-------- DATASET EXTRACT

(* Let $k\ge 2$ and let $G$ be a group that is the free product of the cyclic groups generated by $\tau,\sigma_1,\dots,\sigma_{k-1}$, where the order of $\tau$ is infinite or divisible by $3$ and the order of each $\sigma_i$ is infinite or divisible by $2$. Let $(X,m)$ be a probability space on which $G$ acts by $m$-preserving transformations, freely on a set of full measure. Consider colourings $c:X\to\{A_1,A_2,A_3\}$ (indices taken modulo $3$) and the following rule at a point $x$: let $i$ be such that $c(\tau^{-1}x)=A_i$. If $c(\tau x)\in\{A_i,A_{i+1}\}$, then $x$ must be coloured $A_{i+1}$. If $c(\tau x)=A_{i-1}$, let $n$ be the number of points among $\tau x,\tau^{-1}x,\sigma_1x,\dots,\sigma_{k-1}x$ coloured $A_1$; if $0<n<k$ then $x$ must be coloured $c(\tau x)$, and otherwise $x$ must be coloured $A_{i+1}$. Then this colouring rule is paradoxical.
   Context: A colouring satisfies the rule if the rule holds at $m$-almost every $x$. The rule is paradoxical if (a) some colouring of $X$ (not necessarily measurable) satisfies it, and (b) there is no pair $(\mu,c)$ where $\mu$ is a finitely additive $G$-invariant probability measure defined on a $G$-invariant algebra $\mathcal{B}$ of subsets of $X$ containing all $m$-measurable sets and extending $m$, and $c$ is a colouring satisfying the rule with $c^{-1}(A_j)\in\mathcal{B}$ for $j=1,2,3$. *)

theory Defs
  imports "HOL-Probability.Probability_Measure" "HOL-Algebra.Group_Action"
    "HOL-Algebra.Multiplicative_Group" "HOL-Algebra.Generated_Groups"
begin

datatype colour = A1 | A2 | A3

fun nxt :: "colour \<Rightarrow> colour" where
  "nxt A1 = A2" | "nxt A2 = A3" | "nxt A3 = A1"

fun prv :: "colour \<Rightarrow> colour" where
  "prv A1 = A3" | "prv A2 = A1" | "prv A3 = A2"
lemma cinner_adjoint: "cinner x (A *v y) = cinner (ctrans A *v x) y"
proof -
  have "cinner x (A *v y) = (\<Sum>i\<in>UNIV. \<Sum>j\<in>UNIV. cnj (x$i) * A$i$j * y$j)"
    by (simp add: cinner_def matrix_vector_mult_def sum_distrib_left mult.assoc)
  also have "\<dots> = (\<Sum>j\<in>UNIV. \<Sum>i\<in>UNIV. cnj (x$i) * A$i$j * y$j)"
    by (rule sum.swap)
  also have "\<dots> = cinner (ctrans A *v x) y"
    by (simp add: cinner_def matrix_vector_mult_def ctrans_def sum_distrib_left sum_distrib_right
        mult_ac)
  finally show ?thesis .
qed

lemma cinner_self: "cinner x x = of_real ((norm x)\<^sup>2)"
proof -
  have "cinner x x = (\<Sum>i\<in>UNIV. of_real ((cmod (x$i))\<^sup>2))"
    unfolding cinner_def by (simp add: complex_norm_square mult.commute del: of_real_power)
  also have "\<dots> = of_real ((norm x)\<^sup>2)"
    by (simp add: norm_vec_def L2_set_def sum_nonneg)
  finally show ?thesis .
qed

lemma cinner_self_eq_0 [simp]: "cinner x x = 0 \<longleftrightarrow> x = 0"
  by (simp add: cinner_self)

lemma scaleR_eq_of_real_smult: "r *\<^sub>R x = of_real r *s (x :: complex^'n)"
  unfolding vec_eq_iff vector_scaleR_component vector_smult_component
  by (simp add: scaleR_conv_of_real)

lemma vec_subspace_imp_subspace: "vec.subspace S \<Longrightarrow> subspace (S :: (complex^'n) set)"
  unfolding vec.subspace_def subspace_def scaleR_eq_of_real_smult by blast

lemma ctrans_ctrans [simp]: "ctrans (ctrans A) = A"
  by (simp add: ctrans_def vec_eq_iff)

lemma matrix_vector_mul_mat: "mat c *v x = c *s (x :: 'a::semiring_1^'n)"
  unfolding vec_eq_iff matrix_vector_mult_def mat_def
  by (simp add: if_distrib[where f="\<lambda>a. a * _"] cong: if_cong)

section \<open>Matrix exponential\<close>

lemma matrix_add_rdistrib: "(A + B) ** C = A ** C + B ** (C :: 'a::semiring_1^'n^'m)"
  by (vector matrix_matrix_mult_def sum.distrib[symmetric] field_simps)

lemma bounded_bilinear_matrix_mult:
  "bounded_bilinear ((**) :: 'a::{euclidean_space,real_algebra_1}^'n^'m \<Rightarrow> 'a^'p^'n \<Rightarrow> 'a^'p^'m)"
  unfolding bilinear_conv_bounded_bilinear[symmetric] bilinear_def
  by (simp add: linearI matrix_add_rdistrib matrix_add_ldistrib scalar_matrix_assoc
      matrix_scalar_ac)

lemma bounded_linear_matrix_vector_mult_left:
  "bounded_linear (\<lambda>A :: 'a::{euclidean_space,real_algebra_1}^'n^'m. A *v x)"
  unfolding linear_conv_bounded_linear[symmetric]
  by (simp add: linearI matrix_vector_mult_def vec_eq_iff scaleR_sum_right sum.distrib
      algebra_simps)

lemma bounded_linear_smult_left: "bounded_linear (\<lambda>c::complex. c *s x)"
  unfolding linear_conv_bounded_linear[symmetric]
  by (simp add: linearI vec_eq_iff algebra_simps)
(* Consider the directed linear network with nodes indexed by $\mathbb{Z}$ and an ideal (lossless) channel in which node $k$ can only transmit to node $k+1$. Let $\{p_i\}_{i\ge 0}$ be a probability distribution on $\{0,1,2,\dots\}$ and suppose that, at every time slot $n$, every node $k$ independently (of all other nodes and all other time slots) broadcasts its current information about node $k-i$ with probability $p_i$. The ages evolve by $A_{j,j}(n)=0$ and, for $j\neq l$, $A_{j,l}(n+1)=\min\{A_{j,l}(n),\,A_{j-1,l}(n)\}+1$ if node $j-1$ broadcast its information about node $l$ at time $n$, and $A_{j,l}(n+1)=A_{j,l}(n)+1$ otherwise. Fix $i\ge 1$ and assume $p_0,\dots,p_{i-1}>0$. Then, for every $k$ and every finite initial configuration of ages, $A_{k+i,k}(n)$ converges in distribution as $n\to\infty$ to $A_i:=G_0+G_1+\dots+G_{i-1}$, where $G_0,\dots,G_{i-1}$ are independent and $G_j$ is geometric on $\{1,2,\dots\}$ with success probability $p_j$ (i.e. $\mathbb{P}(G_j=m)=p_j(1-p_j)^{m-1}$). In particular $$\mathbb{E}[A_i]=\sum_{j=0}^{i-1}\frac{1}{p_j},\qquad \mathrm{Var}(A_i)=\sum_{j=0}^{i-1}\frac{1-p_j}{p_j^2}.$$
   Context: $A_{j,l}(n)$ denotes the age of information at node $j$ about node $l$ at time $n$: the difference between $n$ and the time stamp of the most recent sensor measurement of node $l$ that has reached node $j$ (possibly via relays). Time is slotted, $n=0,1,2,\dots$. *)

theory Defs
  imports "HOL-Probability.Probability"
begin
(* Consider the memoryless $K$-user channel $$Y_k=X_k\exp\!\Big(i\sum_{\ell=1}^K h_{k\ell}|X_\ell|^2\Big)+Z_k,\qquad k=1,\dots,K,$$ where $Z_1,\dots,Z_K$ are independent circularly-symmetric complex Gaussian with variance $N$, independent of the inputs, the $h_{kk}$ are real, and the cross coefficients $h_{k\ell}$, $k\neq\ell$, are rational numbers. For each $\ell$ let $q_\ell>0$ be such that $h_{k\ell}q_\ell\in\mathbb{Z}$ for all $k\neq\ell$. Then there exist independent input distributions with $|X_\ell|^2\in\{2\pi q_\ell m: m=1,2,\dots\}$ almost surely and $\mathbb{E}|X_\ell|^2\le P^{(\ell)}$, such that for every $k$ the rate $R_k=I(X_k;Y_k)$ satisfies $\liminf R_k/\log(P^{(k)}/N)\ge 1$ as $P^{(1)}/N,\dots,P^{(K)}/N\to\infty$; i.e. each user achieves pre-log $1$.
   Context: Pre-log of user $k$: $r_k=\lim_{P^{(1)}/N,\dots,P^{(K)}/N\to\infty} R_k/\log(P^{(k)}/N)$, where $R_k$ is the information rate of user $k$ under average power constraints $\frac1n\sum_{j=1}^n\mathbb{E}|X_{k,j}|^2\le P^{(k)}$. Inputs are used i.i.d. over time. *)

theory Defs
  imports "HOL-Probability.Probability"
begin

text \<open>Density (w.r.t. Lebesgue measure on the complex plane) of a circularly-symmetric
complex Gaussian with variance N, i.e. E|Z|^2 = N.\<close>
definition cscg_density :: "real \<Rightarrow> complex \<Rightarrow> real" where
  "cscg_density N z = exp (- (cmod z)\<^sup>2 / N) / (pi * N)"

text \<open>Filter on power vectors (indexed by users 0..K-1): all powers P l, l < K, tend to
infinity jointly.  (With N > 0 fixed, this is the same as all P l / N tending to infinity.)\<close>
definition powers_to_infty :: "nat \<Rightarrow> (nat \<Rightarrow> real) filter" where
  "powers_to_infty K = (INF B. principal {P. \<forall>l<K. B \<le> P l})"

definition admissible_input :: "real \<Rightarrow> real \<Rightarrow> complex measure \<Rightarrow> bool" where
  "admissible_input q p \<mu> \<longleftrightarrow>
     prob_space \<mu> \<and> sets \<mu> = sets borel \<and>
     (AE x in \<mu>. \<exists>m::nat. m \<ge> 1 \<and> (cmod x)\<^sup>2 = 2 * pi * q * real m) \<and>
     (\<integral>\<^sup>+ x. ennreal ((cmod x)\<^sup>2) \<partial>\<mu>) \<le> ennreal p"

----------------

## THE PROBLEM
All lines in the listing above with the string "Context" should be returned.

## EXERCISE OUTPUT
   Context: A colouring satisfies the rule if the rule holds at $m$-almost every $x$. The rule is paradoxical if (a) some colouring of $X$ (not necessarily measurable) satisfies it, and (b) there is no pair $(\mu,c)$ where $\mu$ is a finitely additive $G$-invariant probability measure defined on a $G$-invariant algebra $\mathcal{B}$ of subsets of $X$ containing all $m$-measurable sets and extending $m$, and $c$ is a colouring satisfying the rule with $c^{-1}(A_j)\in\mathcal{B}$ for $j=1,2,3$. *)
   Context: $A_{j,l}(n)$ denotes the age of information at node $j$ about node $l$ at time $n$: the difference between $n$ and the time stamp of the most recent sensor measurement of node $l$ that has reached node $j$ (possibly via relays). Time is slotted, $n=0,1,2,\dots$. *)
   Context: Pre-log of user $k$: $r_k=\lim_{P^{(1)}/N,\dots,P^{(K)}/N\to\infty} R_k/\log(P^{(k)}/N)$, where $R_k$ is the information rate of user $k$ under average power constraints $\frac1n\sum_{j=1}^n\mathbb{E}|X_{k,j}|^2\le P^{(k)}$. Inputs are used i.i.d. over time. *)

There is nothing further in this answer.